### Instructions to follow
Among the lines below, copy exactly those from the one with "using b_pos by" through the one with "using A7_tail b_pos by blast", counting both ends.

---- Dataset content

theorem lemma10:
  fixes M :: "'a measure"
    and X :: "'a \<Rightarrow> real ^ 'd" and Y :: "'a \<Rightarrow> real"
    and Xs :: "nat \<Rightarrow> 'a \<Rightarrow> real ^ 'd" and Ys :: "nat \<Rightarrow> 'a \<Rightarrow> real"
    and f :: "real \<Rightarrow> real" and fj :: "'d \<Rightarrow> real \<Rightarrow> real \<Rightarrow> real"
    and \<phi> \<psi> \<Phi> :: "real \<Rightarrow> real"
    and jn :: "nat \<Rightarrow> int" and b :: "nat \<Rightarrow> real"
    and G c1 c2 :: real
    and k l :: 'd
  assumes P: "prob_space M"
    and X_meas: "X \<in> borel_measurable M" and Y_meas: "Y \<in> borel_measurable M"
    and Y_dens: "distributed M lborel Y (\<lambda>y. ennreal (f y))"
    and f_pos: "\<forall>y. 0 < f y"
    and fj_nonneg: "\<forall>j x y. 0 \<le> fj j x y"
    and XY_dens: "\<forall>j. distributed M (lborel \<Otimes>\<^sub>M lborel) (\<lambda>\<omega>. (X \<omega> $ j, Y \<omega>))
                          (\<lambda>(x, y). ennreal (fj j x y))"
    and f_L2: "L2_fun f" and g_L2: "\<forall>j. L2_fun (gfun fj j)"
    and sample_meas: "\<forall>i. Xs i \<in> borel_measurable M \<and> Ys i \<in> borel_measurable M"
    and sample_indep: "prob_space.indep_vars M (\<lambda>_. borel) (\<lambda>i \<omega>. (Xs i \<omega>, Ys i \<omega>)) UNIV"
    and sample_id: "\<forall>i. distr M borel (\<lambda>\<omega>. (Xs i \<omega>, Ys i \<omega>)) = distr M borel (\<lambda>\<omega>. (X \<omega>, Y \<omega>))"
    \<comment> \<open>(A1)\<close>
    and A1: "0 < G" "AE \<omega> in M. norm (X \<omega>) \<le> G"
    \<comment> \<open>(A2)\<close>
    and A2_f: "\<forall>m<3. \<forall>y. (deriv ^^ m) f differentiable (at y)"
    and A2_g: "\<forall>j. \<forall>m<3. \<forall>y. (deriv ^^ m) (gfun fj j) differentiable (at y)"
    and A2_lip: "\<exists>U c. open U \<and> 0 \<in> U \<and> 0 < c \<and>
        (\<forall>y u. u \<in> U \<longrightarrow>
           \<bar>(deriv ^^ 3) f (y + u) - (deriv ^^ 3) f y\<bar> \<le> c * \<bar>u\<bar> \<and>
           (\<forall>j. \<bar>(deriv ^^ 3) (gfun fj j) (y + u) - (deriv ^^ 3) (gfun fj j) y\<bar> \<le> c * \<bar>u\<bar>))"
    \<comment> \<open>wavelets\<close>
    and wav: "wavelet_ONB \<phi> \<psi>"
    \<comment> \<open>(A4)\<close>
    and A4: "bounded_fun \<phi>" "compact_supp \<phi>" "bounded_fun \<psi>" "compact_supp \<psi>"
    \<comment> \<open>(A5)\<close>
    and A5_K: "\<forall>x y. \<bar>wkernel \<phi> x y\<bar> \<le> \<Phi> (x - y)"
    and A5_Phi: "\<forall>u. 0 \<le> \<Phi> u" "bounded_fun \<Phi>" "compact_supp \<Phi>" "\<forall>u. \<Phi> (- u) = \<Phi> u"
    and A5_int: "integrable lborel (\<lambda>u. u\<^sup>2 * (\<Phi> u)\<^sup>2)"
        "\<forall>m\<in>{0, 1, 4}. integrable lborel (\<lambda>u. \<bar>u\<bar> ^ m * \<Phi> u)"
    and A5_mom: "\<forall>x. \<forall>m\<in>{1, 2, 3}. (LINT y|lborel. wkernel \<phi> x y * (y - x) ^ m) = 0"
    \<comment> \<open>(j_n), (b_n)\<close>
    and jn_mono: "mono jn" and jn_lim: "filterlim jn at_top sequentially"
    and b_pos: "\<forall>n. 0 < b n" and b_lim: "b \<longlonglongrightarrow> 0"
    \<comment> \<open>(A6)\<close>
    and A6: "seq_sim (\<lambda>n. 2 powr (- real_of_int (jn n))) (\<lambda>n. real n powr (- c1))"
        "seq_sim b (\<lambda>n. real n powr (- c2))"
        "0 < c2" "c2 < 1/10" "1/8 + c2/4 < c1" "c1 < 1/4 - c2"
    \<comment> \<open>(A7)\<close>
    and A7_sq: "\<forall>j. integrable M (\<lambda>\<omega>. (Rfun f fj j (Y \<omega>))\<^sup>2)"
    and A7_tail: "\<forall>k' l' a. (\<forall>n. 0 < a n) \<and> seq_sim a b \<longrightarrow>
        (\<lambda>n. sqrt (real n) *
           (LINT \<omega>|M. \<bar>Rfun f fj k' (Y \<omega>) * Rfun f fj l' (Y \<omega>)\<bar>
                       * indicator {\<omega>. f (Y \<omega>) \<le> a n} \<omega>)) \<longlonglongrightarrow> 0"
  shows "op1 M (\<lambda>n \<omega>.
     (1 / sqrt (real n)) * (\<Sum>i<n.
        Rbfun f fj (b n) k (Ys i \<omega>) * Rbfun f fj (b n) l (Ys i \<omega>) * f (Ys i \<omega>) / max (f (Ys i \<omega>)) (b n)
        - (LINT \<omega>'|M. Rbfun f fj (b n) k (Y \<omega>') * Rbfun f fj (b n) l (Y \<omega>') * f (Y \<omega>') / max (f (Y \<omega>')) (b n)))
   - (1 / sqrt (real n)) * (\<Sum>i<n.
        Rfun f fj k (Ys i \<omega>) * Rfun f fj l (Ys i \<omega>)
        - (LINT \<omega>'|M. Rfun f fj k (Y \<omega>') * Rfun f fj l (Y \<omega>'))))"
proof -
  interpret prob_space M by (rule P)
  have [measurable]: "f \<in> borel_measurable borel" "\<And>j. gfun fj j \<in> borel_measurable borel"
    using f_L2 g_L2 unfolding L2_fun_def by simp_all
  have [measurable]: "\<And>i. Xs i \<in> borel_measurable M" "\<And>i. Ys i \<in> borel_measurable M"
    using sample_meas by simp_all
  note [measurable] = X_meas Y_meas
  define tail where "tail n y = \<bar>Rfun f fj k y * Rfun f fj l y\<bar> * indicator {..b n} (f y)" for n y
  have [measurable]: "\<And>n. tail n \<in> borel_measurable borel"
    unfolding tail_def by measurable
  have R_int: "integrable M (\<lambda>\<omega>. Rfun f fj k (Y \<omega>) * Rfun f fj l (Y \<omega>))"
    using A7_sq by (intro integrable_mult_of_square_integrable; (measurable | blast))
  have tail_int: "integrable M (\<lambda>\<omega>. tail n (Y \<omega>))" for n
    by (rule Bochner_Integration.integrable_bound[OF integrable_abs[OF R_int]])
       (auto simp: tail_def indicator_def)
  have truncation: "\<bar>Rbfun f fj (b n) k y * Rbfun f fj (b n) l y * f y / max (f y) (b n)
      - Rfun f fj k y * Rfun f fj l y\<bar> \<le> tail n y" for n y
    unfolding tail_def by (rule Rbfun_product_truncation_bound) (use f_pos in blast)
  have "seq_sim b b"
    using b_pos by (intro seq_sim_refl) (simp add: less_imp_neq[symmetric])
  then have "(\<lambda>n. sqrt (real n) * (LINT \<omega>|M. \<bar>Rfun f fj k (Y \<omega>) * Rfun f fj l (Y \<omega>)\<bar>
      * indicator {\<omega>. f (Y \<omega>) \<le> b n} \<omega>)) \<longlonglongrightarrow> 0"
    using A7_tail b_pos by blast
  moreover have "(LINT \<omega>|M. \<bar>Rfun f fj k (Y \<omega>) * Rfun f fj l (Y \<omega>)\<bar>
      * indicator {\<omega>. f (Y \<omega>) \<le> b n} \<omega>) = (LINT \<omega>|M. tail n (Y \<omega>))" for n
    unfolding tail_def by (intro Bochner_Integration.integral_cong) (simp_all add: indicator_def)
  ultimately have tail_small: "(\<lambda>n. sqrt (real n) * (LINT \<omega>|M. tail n (Y \<omega>))) \<longlonglongrightarrow> 0"
    by simp
  have same_distr: "distr M borel (Ys i) = distr M borel Y" for i
    using sample_id by (intro distr_eq_of_joint_distr_eq[of X M Y "Xs i"]; (measurable | simp))
  show ?thesis
    by (rule op1_normalized_centered_sums_diff[where h = tail
          and U = "\<lambda>n y. Rbfun f fj (b n) k y * Rbfun f fj (b n) l y * f y / max (f y) (b n)"
          and V = "\<lambda>y. Rfun f fj k y * Rfun f fj l y",
          OF _ _ _ _ _ same_distr R_int tail_int truncation tail_small]; measurable)
qed
(* Let $\mathcal{G}$ be a connected undirected graph with vertex set partitioned into generator nodes $\mathcal{V}_G$ ($n_g$ nodes) and load nodes $\mathcal{V}_L$ ($n_\ell\ge1$ nodes), $m$ edges, incidence matrix $B=\begin{bmatrix}B_G\\ B_L\end{bmatrix}$ partitioned accordingly, and $\Gamma$ an $m\times m$ positive definite diagonal matrix. Let $M,A$ be $n_g\times n_g$ positive definite diagonal matrices. Define $L_S=B_G\Gamma B_G^T-B_G\Gamma B_L^T(B_L\Gamma B_L^T)^{-1}B_L\Gamma B_G^T$, $\hat p=B_G\Gamma B_L^T(B_L\Gamma B_L^T)^{-1}p^\ast$, and $B_S=B_G(I-\Gamma B_L^T(B_L\Gamma B_L^T)^{-1}B_L)$. Let $L_S=\hat B\hat\Gamma\hat B^T$ be a decomposition where $\hat B$ is the incidence matrix of a graph $\hat{\mathcal{G}}$ on $\mathcal{V}_G$ and $\hat\Gamma$ a positive diagonal weight matrix. For given $u$ and $p^\ast$, let $\theta=\mathrm{col}(\theta_G,\theta_L)$ satisfy the differential algebraic equation $$\begin{bmatrix}M\ddot\theta_G+A\dot\theta_G\\ 0\end{bmatrix}=-\begin{bmatrix}B_G\Gamma B_G^T& B_G\Gamma B_L^T\\ B_L\Gamma B_G^T& B_L\Gamma B_L^T\end{bmatrix}\begin{bmatrix}\theta_G\\ \theta_L\end{bmatrix}+\begin{bmatrix}u\\ p^\ast\end{bmatrix}.$$ Then: (i) $\theta_G$ solves $M\ddot\theta_G=-A\dot\theta_G-L_S\theta_G+u-\hat p$; (ii) $(\eta,\omega_G,\omega_L)$ with $\eta=B^T\theta$, $\omega_G=\dot\theta_G$, $\omega_L=\dot\theta_L$ solves $\dot\eta=B^T\omega$ (with $\omega=\mathrm{col}(\omega_G,\omega_L)$), $M\dot\omega_G=-A\omega_G-B_G\Gamma\eta+u$, $0=-B_L\Gamma\eta+p^\ast$; (iii) $(\hat\eta,\omega_G)$ with $\hat\eta=\hat B^T\theta_G$ and $\omega_G=\dot\theta_G$ solves $\dot{\hat\eta}=\hat B^T\omega_G$, $M\dot\omega_G=-A\omega_G-\hat B\hat\Gamma\hat\eta+u-\hat p$; (iv) $(\eta_S,\omega_G)$ with $\eta_S=B_S^T\theta_G$ and $\omega_G=\dot\theta_G$ solves $\dot\eta_S=B_S^T\omega_G$, $M\dot\omega_G=-A\omega_G-B_S\Gamma\eta_S+u-\hat p$.
   Context: $\mathrm{col}(Y_1,Y_2)$ denotes the vertically stacked matrix $[Y_1^T\ Y_2^T]^T$. The incidence matrix has entries $+1$ (tail), $-1$ (head), $0$ otherwise, for an arbitrary orientation of edges. $L_S$ is a Laplacian matrix of a graph on $\mathcal{V}_G$, so a decomposition $L_S=\hat B\hat\Gamma\hat B^T$ exists. $B_S$ is called the projected incidence matrix. *)

theory Defs
  imports "HOL-Analysis.Analysis"
begin
lemma limits_at_zero_eq_closure:
  fixes Z :: "real \<Rightarrow> 'a::first_countable_topology \<Rightarrow> bool"
  shows "limits_at_zero Z = {x. (x, 0) \<in> closure {(y, M). 0 < M \<and> Z M y}}"
proof -
  have "(\<exists>p. (\<forall>n. p n \<in> {(y, M). 0 < M \<and> Z M y}) \<and> p \<longlonglongrightarrow> (x, 0)) \<longleftrightarrow>
        (\<exists>xs Ms. (\<forall>n. 0 < Ms n \<and> Z (Ms n) (xs n)) \<and> Ms \<longlonglongrightarrow> 0 \<and> xs \<longlonglongrightarrow> x)" for x
  proof
    assume "\<exists>p. (\<forall>n. p n \<in> {(y, M). 0 < M \<and> Z M y}) \<and> p \<longlonglongrightarrow> (x, 0)"
    then obtain p where "\<forall>n. p n \<in> {(y, M). 0 < M \<and> Z M y}" "p \<longlonglongrightarrow> (x, 0)" by blast
    then show "\<exists>xs Ms. (\<forall>n. 0 < Ms n \<and> Z (Ms n) (xs n)) \<and> Ms \<longlonglongrightarrow> 0 \<and> xs \<longlonglongrightarrow> x"
      by (intro exI[of _ "\<lambda>n. fst (p n)"] exI[of _ "\<lambda>n. snd (p n)"])
         (auto dest: tendsto_fst tendsto_snd simp: case_prod_beta)
  next
    assume "\<exists>xs Ms. (\<forall>n. 0 < Ms n \<and> Z (Ms n) (xs n)) \<and> Ms \<longlonglongrightarrow> 0 \<and> xs \<longlonglongrightarrow> x"
    then obtain xs Ms where "\<forall>n. 0 < Ms n \<and> Z (Ms n) (xs n)" "Ms \<longlonglongrightarrow> 0" "xs \<longlonglongrightarrow> x"
      by blast
    then show "\<exists>p. (\<forall>n. p n \<in> {(y, M). 0 < M \<and> Z M y}) \<and> p \<longlonglongrightarrow> (x, 0)"
      by (intro exI[of _ "\<lambda>n. (xs n, Ms n)"]) (auto intro: tendsto_Pair)
  qed
  then show ?thesis
    unfolding limits_at_zero_def closure_sequential by blast
qed

lemma closed_limits_at_zero:
  fixes Z :: "real \<Rightarrow> 'a::first_countable_topology \<Rightarrow> bool"
  shows "closed (limits_at_zero Z)"
proof -
  have "closed ((\<lambda>x. (x, 0::real)) -` closure {(y, M). 0 < M \<and> Z M y})"
    by (intro continuous_closed_vimage closed_closure continuous_intros)
  then show ?thesis
    by (simp add: limits_at_zero_eq_closure vimage_def)
qed

lemma limits_at_zero_local:
  fixes Z Z' :: "real \<Rightarrow> 'a::first_countable_topology \<Rightarrow> bool"
  assumes "open V" "x \<in> V" and agree: "\<And>M y. 0 < M \<Longrightarrow> y \<in> V \<Longrightarrow> Z M y \<longleftrightarrow> Z' M y"
    and "x \<in> limits_at_zero Z"
  shows "x \<in> limits_at_zero Z'"
proof -
  let ?G = "\<lambda>Z. {(y, M::real). 0 < M \<and> Z M y}"
  have "(x, 0) \<in> (V \<times> UNIV) \<inter> closure (?G Z)"
    using assms by (simp add: limits_at_zero_eq_closure)
  also have "\<dots> \<subseteq> closure ((V \<times> UNIV) \<inter> ?G Z)"
    using \<open>open V\<close> by (intro open_Int_closure_subset open_Times) auto
  also have "(V \<times> UNIV) \<inter> ?G Z = (V \<times> UNIV) \<inter> ?G Z'"
    using agree by auto
  also have "closure \<dots> \<subseteq> closure (?G Z')"
    by (intro closure_mono) auto
  finally show ?thesis
    by (simp add: limits_at_zero_eq_closure)
qed

lemma limits_at_zero_meets_compact:
  fixes Z :: "real \<Rightarrow> 'a::metric_space \<Rightarrow> bool"
  assumes "compact K" and sol: "\<And>M. 0 < M \<Longrightarrow> \<exists>y\<in>K. Z M y"
  shows "limits_at_zero Z \<inter> K \<noteq> {}"
proof -
  have "\<forall>n. \<exists>y. y \<in> K \<and> Z (1 / Suc n) y"
  proof
    fix n :: nat
    have "0 < 1 / real (Suc n)" by simp
    then show "\<exists>y. y \<in> K \<and> Z (1 / Suc n) y" using sol by blast
  qed
  then obtain ys where ys: "\<And>n. ys n \<in> K \<and> Z (1 / Suc n) (ys n)"
    unfolding choice_iff by blast
  then obtain l r where "l \<in> K" "strict_mono r" "(ys \<circ> r) \<longlonglongrightarrow> l"
    using \<open>compact K\<close> unfolding compact_def by metis
  moreover have "(\<lambda>n. 1 / real (Suc (r n))) \<longlonglongrightarrow> 0"
    using LIMSEQ_subseq_LIMSEQ[OF LIMSEQ_inverse_real_of_nat \<open>strict_mono r\<close>]
    by (simp add: o_def inverse_eq_divide)
  ultimately have "l \<in> limits_at_zero Z"
    unfolding limits_at_zero_def using ys
    by (intro CollectI exI[of _ "ys \<circ> r"] exI[of _ "\<lambda>n. 1 / real (Suc (r n))"]) auto
  with \<open>l \<in> K\<close> show ?thesis by blast
qed

lemma closed_pstate: "closed (pstate (pop :: 's::finite \<Rightarrow> 'i))"
proof -
  have "pstate pop = (\<Inter>s. {x. 0 \<le> x$s}) \<inter> (\<Inter>i. {x::real^'s. (\<Sum>s\<in>{s. pop s = i}. x$s) = 1})"
    unfolding pstate_def by auto
  then show ?thesis
    by (auto intro!: closed_Int closed_INT closed_Collect_le closed_Collect_eq continuous_intros)
qed

lemma pstate_component_le_1:
  assumes "x \<in> pstate pop"
  shows "x$s \<le> 1"
proof -
  have "x$s \<le> (\<Sum>t\<in>{t. pop t = pop s}. x$t)"
    using assms by (intro member_le_sum) (auto simp: pstate_def)
  also have "\<dots> = 1"
    using assms by (simp add: pstate_def)
  finally show ?thesis .
qed

lemma compact_pstate: "compact (pstate (pop :: 's::finite \<Rightarrow> 'i))"
proof -
  have "pstate pop \<subseteq> cbox 0 1"
    by (auto simp: mem_box_cart pstate_component_le_1) (auto simp: pstate_def)
  then show ?thesis
    by (metis closed_pstate compact_Int_closed compact_cbox inf.absorb_iff2)
qed

lemma convex_pstate: "convex (pstate (pop :: 's::finite \<Rightarrow> 'i))"
proof (rule convexI)
  fix x y :: "real^'s" and u v :: real
  assume x: "x \<in> pstate pop" and y: "y \<in> pstate pop" and uv: "0 \<le> u" "0 \<le> v" "u + v = 1"
  have "(\<Sum>s\<in>{s. pop s = i}. (u *\<^sub>R x + v *\<^sub>R y) $ s)
      = u * (\<Sum>s\<in>{s. pop s = i}. x $ s) + v * (\<Sum>s\<in>{s. pop s = i}. y $ s)" for i
    by (simp add: sum.distrib sum_distrib_left)
  then show "u *\<^sub>R x + v *\<^sub>R y \<in> pstate pop"
    using x y uv by (simp add: pstate_def)
qed

lemma convex_pstate_int: "convex (pstate_int (pop :: 's::finite \<Rightarrow> 'i))"
proof (rule convexI)
  fix x y :: "real^'s" and u v :: real
  assume x: "x \<in> pstate_int pop" and y: "y \<in> pstate_int pop" and uv: "0 \<le> u" "0 \<le> v" "u + v = 1"
  have "u *\<^sub>R x + v *\<^sub>R y \<in> pstate pop"
    using x y uv convex_pstate by (auto simp: pstate_int_def dest: convexD)
  moreover have "0 < u * x$s + v * y$s" for s
  proof (cases "u = 0")
    case True
    then show ?thesis using y uv by (simp add: pstate_int_def)
  next
    case False
    then have "0 < u * x$s" using x uv by (simp add: pstate_int_def)
    moreover have "0 \<le> v * y$s" using y uv by (simp add: pstate_int_def less_imp_le)
    ultimately show ?thesis by simp
  qed
  ultimately show "u *\<^sub>R x + v *\<^sub>R y \<in> pstate_int pop"
    by (simp add: pstate_int_def)
qed

definition uniform_state :: "('s::finite \<Rightarrow> 'i) \<Rightarrow> real^'s" where
  "uniform_state pop = (\<chi> s. 1 / real (card {t. pop t = pop s}))"

lemma uniform_state_in_pstate_int:
  assumes "surj pop"
  shows "uniform_state pop \<in> pstate_int pop"
proof -
  have card: "0 < card {t. pop t = i}" for i
    using surjD[OF assms, of i] by (auto simp: card_gt_0_iff)
  have "(\<Sum>s\<in>{s. pop s = i}. uniform_state pop $ s) = 1" for i
  proof -
    have "(\<Sum>s\<in>{s. pop s = i}. uniform_state pop $ s)
        = (\<Sum>s\<in>{s. pop s = i}. 1 / real (card {t. pop t = i}))"
      by (rule sum.cong) (auto simp: uniform_state_def)
    then show ?thesis using card[of i] surjD[OF assms, of i] by auto
  qed
  moreover have "0 < uniform_state pop $ s" for s
    using card[of "pop s"] by (simp add: uniform_state_def)
  ultimately show ?thesis
    by (auto simp: pstate_int_def pstate_def less_imp_le)
qed

lemma pstate_int_nonempty: "surj pop \<Longrightarrow> pstate_int pop \<noteq> {}"
  using uniform_state_in_pstate_int by blast

lemma pstate_nonempty: "surj pop \<Longrightarrow> pstate pop \<noteq> {}"
  using pstate_int_nonempty by (auto simp: pstate_int_def)

lemma sum_mult_gexcess:
  assumes "x \<in> pstate pop"
  shows "(\<Sum>s\<in>{s. pop s = i}. x$s * gexcess pop f s x) = 0"
proof -
  have "(\<Sum>s\<in>{s. pop s = i}. x$s * gexcess pop f s x)
      = avg_payoff pop f i x - (\<Sum>s\<in>{s. pop s = i}. x$s) * avg_payoff pop f i x"
    by (simp add: gexcess_def avg_payoff_def right_diff_distrib sum_subtractf sum_distrib_right)
  also have "\<dots> = 0"
    using assms by (simp add: pstate_def)
  finally show ?thesis .
qed

lemma continuous_on_gexcess:
  "continuous_on S f \<Longrightarrow> continuous_on S (gexcess pop f s)"
  unfolding gexcess_def[abs_def] avg_payoff_def by (intro continuous_intros)
(* Let $\xi\in\Xi^*_{T1}\cup\Xi^*_{T2}$. Then $\xi$ is a product correlation plan, i.e. $\xi[\sigma_{T1},\sigma_{T2}]=\xi[\sigma_{T1},\varnothing]\cdot\xi[\varnothing,\sigma_{T2}]$ for all $(\sigma_{T1},\sigma_{T2})\in\Sigma_{T1}\bowtie\Sigma_{T2}$.
   Context: A finite extensive-form game is played on a tree; each internal node belongs to one of the players $T1,T2,O$ or to chance. The nodes of player $i$ are partitioned into information sets $\mathcal I_i$; all nodes of $I\in\mathcal I_i$ share the action set $A_I$. Perfect recall is assumed. The sequences of player $i$ are $\Sigma_i=\{(I,a):I\in\mathcal I_i,a\in A_I\}\cup\{\varnothing\}$. For an information set $I$ of player $i$, $\sigma(I)$ denotes the last pair $(I',a')$ of player $i$ on the root-to-$I$ path, or $\varnothing$ if $i$ does not act before $I$. Two information sets $I_i\in\mathcal I_i$, $I_j\in\mathcal I_j$ are connected ($I_i\rightleftharpoons I_j$) if there exist $v\in I_i$, $w\in I_j$ such that the root-to-$v$ path passes through $w$ or vice versa. A pair $(\sigma_i,\sigma_j)$ is relevant ($\sigma_i\bowtie\sigma_j$) if one of them is $\varnothing$ or $\sigma_i=(I_i,a_i)$, $\sigma_j=(I_j,a_j)$ with $I_i\rightleftharpoons I_j$; $\Sigma_{T1}\bowtie\Sigma_{T2}$ is the set of relevant pairs. Similarly $\sigma_i\bowtie I_j$ if $\sigma_i=\varnothing$ or $\sigma_i=(I_i,a_i)$ with $I_i\rightleftharpoons I_j$. The von Stengel–Forges polytope $\mathcal V_T$ is the set of nonnegative vectors $\xi$ indexed by relevant pairs with: $\xi[\varnothing,\varnothing]=1$; $\sum_{a\in A_{I}}\xi[(I,a),\sigma_{T2}]=\xi[\sigma(I),\sigma_{T2}]$ for all $I\in\mathcal I_{T1}$, $\sigma_{T2}\in\Sigma_{T2}$ with $I\bowtie\sigma_{T2}$; $\sum_{b\in A_{J}}\xi[\sigma_{T1},(J,b)]=\xi[\sigma_{T1},\sigma(J)]$ for all $J\in\mathcal I_{T2}$, $\sigma_{T1}\in\Sigma_{T1}$ with $\sigma_{T1}\bowtie J$. The semi-randomized correlation plans are $\Xi^*_{T1}=\{\xi\in\mathcal V_T:\xi[\varnothing,\sigma_{T2}]\in\{0,1\}\ \forall\sigma_{T2}\in\Sigma_{T2}\}$ and $\Xi^*_{T2}=\{\xi\in\mathcal V_T:\xi[\sigma_{T1},\varnothing]\in\{0,1\}\ \forall\sigma_{T1}\in\Sigma_{T1}\}$. *)

theory Defs
  imports Complex_Main "HOL-Library.Sublist"
begin

text \<open>Game trees: a node is the list of actions from the root (its history). Every internal node h
  carries an information-set label lab h; the owner of a label is a player
  (T1, T2, O) or chance. A I is the action set of information set I.\<close>

datatype player = T1 | T2 | O | Chance

definition internal :: "'a list set \<Rightarrow> 'a list \<Rightarrow> bool" where
  "internal H h \<longleftrightarrow> h \<in> H \<and> (\<exists>a. h @ [a] \<in> H)"

definition own_seq :: "('a list \<Rightarrow> 'i) \<Rightarrow> ('i \<Rightarrow> player) \<Rightarrow> player \<Rightarrow> 'a list \<Rightarrow> ('i \<times> 'a) list" where
  "own_seq lab owner i h =
     [(lab (take k h), h ! k). k \<leftarrow> [0..<length h], owner (lab (take k h)) = i]"

definition efg :: "'a list set \<Rightarrow> ('a list \<Rightarrow> 'i) \<Rightarrow> ('i \<Rightarrow> player) \<Rightarrow> ('i \<Rightarrow> 'a set) \<Rightarrow> bool" where
  "efg H lab owner A \<longleftrightarrow>
     finite H \<and> [] \<in> H \<and>
     (\<forall>h a. h @ [a] \<in> H \<longrightarrow> h \<in> H) \<and>
     (\<forall>h. internal H h \<and> owner (lab h) \<noteq> Chance \<longrightarrow> A (lab h) = {a. h @ [a] \<in> H}) \<and>
     (\<forall>h h'. internal H h \<and> internal H h' \<and> lab h = lab h' \<and> owner (lab h) \<noteq> Chance \<longrightarrow>
        own_seq lab owner (owner (lab h)) h = own_seq lab owner (owner (lab h)) h')"

definition infosets :: "'a list set \<Rightarrow> ('a list \<Rightarrow> 'i) \<Rightarrow> ('i \<Rightarrow> player) \<Rightarrow> player \<Rightarrow> 'i set" where
  "infosets H lab owner i = {I. \<exists>h. internal H h \<and> lab h = I \<and> owner I = i}"

text \<open>Sequences: None is the empty sequence.\<close>
definition seqs :: "'a list set \<Rightarrow> ('a list \<Rightarrow> 'i) \<Rightarrow> ('i \<Rightarrow> player) \<Rightarrow> ('i \<Rightarrow> 'a set) \<Rightarrow> player
    \<Rightarrow> ('i \<times> 'a) option set" where
  "seqs H lab owner A i = {None} \<union> {Some (I, a) | I a. I \<in> infosets H lab owner i \<and> a \<in> A I}"

text \<open>sigma(I): last own (infoset, action) pair before I (well defined by perfect recall).\<close>
definition parent_seq :: "'a list set \<Rightarrow> ('a list \<Rightarrow> 'i) \<Rightarrow> ('i \<Rightarrow> player) \<Rightarrow> 'i \<Rightarrow> ('i \<times> 'a) option" where
  "parent_seq H lab owner I =
     (let h = (SOME h. internal H h \<and> lab h = I); s = own_seq lab owner (owner I) h
      in if s = [] then None else Some (last s))"

definition connected :: "'a list set \<Rightarrow> ('a list \<Rightarrow> 'i) \<Rightarrow> 'i \<Rightarrow> 'i \<Rightarrow> bool" where
  "connected H lab I J \<longleftrightarrow>
     (\<exists>v w. internal H v \<and> internal H w \<and> lab v = I \<and> lab w = J \<and> (prefix w v \<or> prefix v w))"

definition relevant :: "'a list set \<Rightarrow> ('a list \<Rightarrow> 'i) \<Rightarrow> ('i \<times> 'a) option \<Rightarrow> ('i \<times> 'a) option \<Rightarrow> bool" where
  "relevant H lab s1 s2 \<longleftrightarrow>
     s1 = None \<or> s2 = None \<or> (\<exists>I a J b. s1 = Some (I, a) \<and> s2 = Some (J, b) \<and> connected H lab I J)"

definition relevant_si :: "'a list set \<Rightarrow> ('a list \<Rightarrow> 'i) \<Rightarrow> ('i \<times> 'a) option \<Rightarrow> 'i \<Rightarrow> bool" where
  "relevant_si H lab s J \<longleftrightarrow> s = None \<or> (\<exists>I a. s = Some (I, a) \<and> connected H lab I J)"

--------

### Answer below
    using b_pos by (intro seq_sim_refl) (simp add: less_imp_neq[symmetric])
  then have "(\<lambda>n. sqrt (real n) * (LINT \<omega>|M. \<bar>Rfun f fj k (Y \<omega>) * Rfun f fj l (Y \<omega>)\<bar>
      * indicator {\<omega>. f (Y \<omega>) \<le> b n} \<omega>)) \<longlonglongrightarrow> 0"
    using A7_tail b_pos by blast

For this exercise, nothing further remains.